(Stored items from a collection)

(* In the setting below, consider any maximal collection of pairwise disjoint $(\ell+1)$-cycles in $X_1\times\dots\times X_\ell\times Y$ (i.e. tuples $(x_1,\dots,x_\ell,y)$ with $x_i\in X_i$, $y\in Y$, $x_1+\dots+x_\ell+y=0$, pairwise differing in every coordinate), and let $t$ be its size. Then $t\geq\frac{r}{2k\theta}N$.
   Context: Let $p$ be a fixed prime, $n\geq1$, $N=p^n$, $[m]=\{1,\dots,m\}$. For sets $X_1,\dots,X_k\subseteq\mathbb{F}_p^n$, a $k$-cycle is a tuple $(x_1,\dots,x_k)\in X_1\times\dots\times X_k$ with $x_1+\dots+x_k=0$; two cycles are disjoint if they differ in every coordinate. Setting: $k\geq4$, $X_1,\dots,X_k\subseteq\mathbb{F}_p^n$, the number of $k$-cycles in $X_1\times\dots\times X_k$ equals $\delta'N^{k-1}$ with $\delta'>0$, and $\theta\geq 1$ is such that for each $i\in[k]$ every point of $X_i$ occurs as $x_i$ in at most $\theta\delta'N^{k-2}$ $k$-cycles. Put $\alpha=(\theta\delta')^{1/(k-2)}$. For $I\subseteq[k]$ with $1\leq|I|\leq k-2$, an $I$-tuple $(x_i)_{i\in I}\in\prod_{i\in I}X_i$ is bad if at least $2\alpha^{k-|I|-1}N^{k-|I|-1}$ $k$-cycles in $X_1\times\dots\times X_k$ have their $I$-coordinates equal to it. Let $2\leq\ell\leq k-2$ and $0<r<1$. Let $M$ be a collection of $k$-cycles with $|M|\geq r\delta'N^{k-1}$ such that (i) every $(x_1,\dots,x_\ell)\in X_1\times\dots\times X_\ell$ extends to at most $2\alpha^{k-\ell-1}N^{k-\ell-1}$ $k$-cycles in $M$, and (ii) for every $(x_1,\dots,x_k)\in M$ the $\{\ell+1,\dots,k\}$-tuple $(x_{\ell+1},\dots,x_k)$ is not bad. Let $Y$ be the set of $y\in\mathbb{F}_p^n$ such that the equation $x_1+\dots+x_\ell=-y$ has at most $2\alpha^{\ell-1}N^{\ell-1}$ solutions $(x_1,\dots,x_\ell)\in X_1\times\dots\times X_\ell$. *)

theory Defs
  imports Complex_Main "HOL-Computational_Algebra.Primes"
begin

--

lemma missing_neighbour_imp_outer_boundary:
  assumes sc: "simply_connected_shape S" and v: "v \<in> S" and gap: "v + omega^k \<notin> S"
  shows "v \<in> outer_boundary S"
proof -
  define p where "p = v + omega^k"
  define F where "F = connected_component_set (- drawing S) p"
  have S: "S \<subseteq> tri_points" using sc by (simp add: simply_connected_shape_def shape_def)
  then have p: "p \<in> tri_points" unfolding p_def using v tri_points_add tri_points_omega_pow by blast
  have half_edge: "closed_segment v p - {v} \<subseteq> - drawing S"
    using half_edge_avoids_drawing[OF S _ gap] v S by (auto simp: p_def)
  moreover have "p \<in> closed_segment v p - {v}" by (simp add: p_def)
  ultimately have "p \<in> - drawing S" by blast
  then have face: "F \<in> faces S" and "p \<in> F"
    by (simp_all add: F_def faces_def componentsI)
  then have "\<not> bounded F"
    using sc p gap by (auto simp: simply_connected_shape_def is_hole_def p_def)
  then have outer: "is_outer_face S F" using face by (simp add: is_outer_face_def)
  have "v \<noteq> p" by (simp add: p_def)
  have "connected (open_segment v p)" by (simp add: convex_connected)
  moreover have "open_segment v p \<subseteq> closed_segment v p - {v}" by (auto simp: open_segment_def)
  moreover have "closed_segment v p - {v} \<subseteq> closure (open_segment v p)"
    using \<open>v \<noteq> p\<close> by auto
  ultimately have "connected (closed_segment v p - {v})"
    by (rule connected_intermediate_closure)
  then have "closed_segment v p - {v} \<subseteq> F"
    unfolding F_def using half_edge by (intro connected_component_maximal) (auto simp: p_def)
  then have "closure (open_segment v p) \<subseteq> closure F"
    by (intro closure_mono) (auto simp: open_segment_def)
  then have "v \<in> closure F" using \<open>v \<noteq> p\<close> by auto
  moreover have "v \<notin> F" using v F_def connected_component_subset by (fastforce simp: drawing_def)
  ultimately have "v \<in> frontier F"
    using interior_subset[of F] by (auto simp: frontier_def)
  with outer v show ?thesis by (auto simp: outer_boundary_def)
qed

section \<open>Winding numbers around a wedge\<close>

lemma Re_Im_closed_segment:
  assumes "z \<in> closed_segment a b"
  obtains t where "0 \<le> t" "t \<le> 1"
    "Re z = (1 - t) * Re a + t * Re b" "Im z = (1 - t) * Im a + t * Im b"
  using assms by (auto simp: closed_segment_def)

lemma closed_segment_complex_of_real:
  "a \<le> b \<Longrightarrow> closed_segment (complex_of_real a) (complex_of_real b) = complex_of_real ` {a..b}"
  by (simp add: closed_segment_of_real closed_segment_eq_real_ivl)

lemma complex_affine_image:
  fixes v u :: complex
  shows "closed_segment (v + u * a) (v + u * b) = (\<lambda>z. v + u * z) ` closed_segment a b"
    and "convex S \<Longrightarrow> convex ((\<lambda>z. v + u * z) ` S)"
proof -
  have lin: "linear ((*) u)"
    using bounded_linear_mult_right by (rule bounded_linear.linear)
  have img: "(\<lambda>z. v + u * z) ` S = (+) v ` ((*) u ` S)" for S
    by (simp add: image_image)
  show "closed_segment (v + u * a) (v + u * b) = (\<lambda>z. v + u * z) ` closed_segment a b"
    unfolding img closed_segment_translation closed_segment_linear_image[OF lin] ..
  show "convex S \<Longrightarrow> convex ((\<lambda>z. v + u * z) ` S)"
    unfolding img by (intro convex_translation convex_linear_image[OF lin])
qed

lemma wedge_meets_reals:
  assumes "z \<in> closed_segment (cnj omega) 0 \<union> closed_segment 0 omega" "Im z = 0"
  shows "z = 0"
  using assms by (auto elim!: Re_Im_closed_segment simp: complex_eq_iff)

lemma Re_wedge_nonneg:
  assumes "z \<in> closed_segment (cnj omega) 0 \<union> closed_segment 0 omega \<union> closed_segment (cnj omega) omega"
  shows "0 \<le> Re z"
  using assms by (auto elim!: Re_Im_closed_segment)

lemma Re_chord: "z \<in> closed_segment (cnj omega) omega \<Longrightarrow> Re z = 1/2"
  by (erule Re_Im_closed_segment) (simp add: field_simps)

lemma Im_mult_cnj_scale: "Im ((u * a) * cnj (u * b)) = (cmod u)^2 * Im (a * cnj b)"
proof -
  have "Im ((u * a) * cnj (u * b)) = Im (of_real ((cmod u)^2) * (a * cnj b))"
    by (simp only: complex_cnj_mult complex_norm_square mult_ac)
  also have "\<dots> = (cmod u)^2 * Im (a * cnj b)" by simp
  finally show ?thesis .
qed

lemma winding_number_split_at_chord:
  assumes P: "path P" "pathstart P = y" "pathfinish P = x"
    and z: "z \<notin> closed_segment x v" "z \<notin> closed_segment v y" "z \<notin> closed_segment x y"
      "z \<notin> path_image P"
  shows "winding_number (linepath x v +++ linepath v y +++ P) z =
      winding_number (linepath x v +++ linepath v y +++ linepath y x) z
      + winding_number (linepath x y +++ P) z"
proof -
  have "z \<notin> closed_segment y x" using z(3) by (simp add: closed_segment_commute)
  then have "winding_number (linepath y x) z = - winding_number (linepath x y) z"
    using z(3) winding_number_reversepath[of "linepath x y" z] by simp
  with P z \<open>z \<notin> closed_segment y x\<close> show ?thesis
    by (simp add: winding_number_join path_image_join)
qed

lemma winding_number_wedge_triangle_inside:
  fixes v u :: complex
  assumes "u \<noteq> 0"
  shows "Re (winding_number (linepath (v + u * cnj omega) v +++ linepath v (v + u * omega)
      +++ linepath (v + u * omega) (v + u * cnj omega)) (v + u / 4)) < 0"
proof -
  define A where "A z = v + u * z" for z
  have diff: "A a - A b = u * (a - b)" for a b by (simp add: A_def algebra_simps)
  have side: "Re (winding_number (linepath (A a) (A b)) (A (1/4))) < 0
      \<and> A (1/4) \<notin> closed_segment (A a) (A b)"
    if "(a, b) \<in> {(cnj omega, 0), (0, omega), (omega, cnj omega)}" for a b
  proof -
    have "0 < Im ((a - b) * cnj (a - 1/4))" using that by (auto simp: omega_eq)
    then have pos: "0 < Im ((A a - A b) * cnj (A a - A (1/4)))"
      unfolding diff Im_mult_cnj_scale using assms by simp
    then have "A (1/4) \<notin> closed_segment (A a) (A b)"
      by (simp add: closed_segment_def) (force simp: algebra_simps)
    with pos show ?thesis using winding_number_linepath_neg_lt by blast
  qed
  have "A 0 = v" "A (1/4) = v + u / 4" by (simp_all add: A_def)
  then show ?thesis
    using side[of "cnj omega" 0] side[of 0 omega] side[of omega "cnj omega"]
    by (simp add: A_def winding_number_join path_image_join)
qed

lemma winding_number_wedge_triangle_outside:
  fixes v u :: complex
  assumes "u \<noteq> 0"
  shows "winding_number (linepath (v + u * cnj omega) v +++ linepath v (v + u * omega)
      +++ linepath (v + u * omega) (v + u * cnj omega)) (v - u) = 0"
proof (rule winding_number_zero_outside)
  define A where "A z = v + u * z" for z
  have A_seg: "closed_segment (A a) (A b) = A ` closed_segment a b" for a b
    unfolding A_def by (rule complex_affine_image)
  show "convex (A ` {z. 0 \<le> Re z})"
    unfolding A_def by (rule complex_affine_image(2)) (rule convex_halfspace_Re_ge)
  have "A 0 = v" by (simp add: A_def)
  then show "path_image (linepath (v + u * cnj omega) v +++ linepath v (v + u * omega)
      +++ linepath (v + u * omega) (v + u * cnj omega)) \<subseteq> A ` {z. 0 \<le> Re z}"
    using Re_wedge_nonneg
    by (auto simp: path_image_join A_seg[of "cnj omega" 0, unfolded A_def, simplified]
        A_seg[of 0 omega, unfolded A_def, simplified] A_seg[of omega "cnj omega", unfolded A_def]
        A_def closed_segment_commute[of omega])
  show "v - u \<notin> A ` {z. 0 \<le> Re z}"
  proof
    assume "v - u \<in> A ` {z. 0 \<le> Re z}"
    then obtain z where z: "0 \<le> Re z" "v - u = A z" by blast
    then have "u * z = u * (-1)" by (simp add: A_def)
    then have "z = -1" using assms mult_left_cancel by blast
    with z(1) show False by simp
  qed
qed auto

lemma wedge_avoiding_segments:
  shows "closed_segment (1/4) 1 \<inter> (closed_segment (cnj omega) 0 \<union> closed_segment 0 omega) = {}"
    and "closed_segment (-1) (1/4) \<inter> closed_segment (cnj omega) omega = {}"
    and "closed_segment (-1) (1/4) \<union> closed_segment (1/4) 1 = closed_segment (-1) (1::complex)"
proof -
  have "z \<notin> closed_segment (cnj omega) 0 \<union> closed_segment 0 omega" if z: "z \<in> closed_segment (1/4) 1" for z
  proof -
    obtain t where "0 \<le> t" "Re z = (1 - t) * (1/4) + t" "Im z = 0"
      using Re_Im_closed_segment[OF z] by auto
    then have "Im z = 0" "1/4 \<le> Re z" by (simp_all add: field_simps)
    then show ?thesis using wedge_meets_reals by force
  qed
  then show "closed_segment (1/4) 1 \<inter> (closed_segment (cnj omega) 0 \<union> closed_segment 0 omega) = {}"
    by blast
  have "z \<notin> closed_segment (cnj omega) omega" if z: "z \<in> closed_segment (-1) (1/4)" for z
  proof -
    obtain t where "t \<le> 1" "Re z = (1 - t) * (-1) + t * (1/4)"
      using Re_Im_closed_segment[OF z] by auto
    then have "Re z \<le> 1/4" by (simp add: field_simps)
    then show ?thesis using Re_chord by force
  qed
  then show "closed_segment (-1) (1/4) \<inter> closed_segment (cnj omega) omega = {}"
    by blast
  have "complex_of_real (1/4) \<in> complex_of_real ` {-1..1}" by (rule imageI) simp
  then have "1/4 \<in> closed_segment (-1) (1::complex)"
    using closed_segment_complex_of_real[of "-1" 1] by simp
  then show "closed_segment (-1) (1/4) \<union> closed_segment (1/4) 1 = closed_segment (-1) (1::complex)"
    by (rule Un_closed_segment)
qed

Work task:
Of the entries above, transcribe exactly those lines that fall between the line containing "unfolding diff Im_mult_cnj_scale" and the line containing "by (auto simp: path_image_join", together with those two lines.

Exercise response:
      unfolding diff Im_mult_cnj_scale using assms by simp
    then have "A (1/4) \<notin> closed_segment (A a) (A b)"
      by (simp add: closed_segment_def) (force simp: algebra_simps)
    with pos show ?thesis using winding_number_linepath_neg_lt by blast
  qed
  have "A 0 = v" "A (1/4) = v + u / 4" by (simp_all add: A_def)
  then show ?thesis
    using side[of "cnj omega" 0] side[of 0 omega] side[of omega "cnj omega"]
    by (simp add: A_def winding_number_join path_image_join)
qed

lemma winding_number_wedge_triangle_outside:
  fixes v u :: complex
  assumes "u \<noteq> 0"
  shows "winding_number (linepath (v + u * cnj omega) v +++ linepath v (v + u * omega)
      +++ linepath (v + u * omega) (v + u * cnj omega)) (v - u) = 0"
proof (rule winding_number_zero_outside)
  define A where "A z = v + u * z" for z
  have A_seg: "closed_segment (A a) (A b) = A ` closed_segment a b" for a b
    unfolding A_def by (rule complex_affine_image)
  show "convex (A ` {z. 0 \<le> Re z})"
    unfolding A_def by (rule complex_affine_image(2)) (rule convex_halfspace_Re_ge)
  have "A 0 = v" by (simp add: A_def)
  then show "path_image (linepath (v + u * cnj omega) v +++ linepath v (v + u * omega)
      +++ linepath (v + u * omega) (v + u * cnj omega)) \<subseteq> A ` {z. 0 \<le> Re z}"
    using Re_wedge_nonneg
    by (auto simp: path_image_join A_seg[of "cnj omega" 0, unfolded A_def, simplified]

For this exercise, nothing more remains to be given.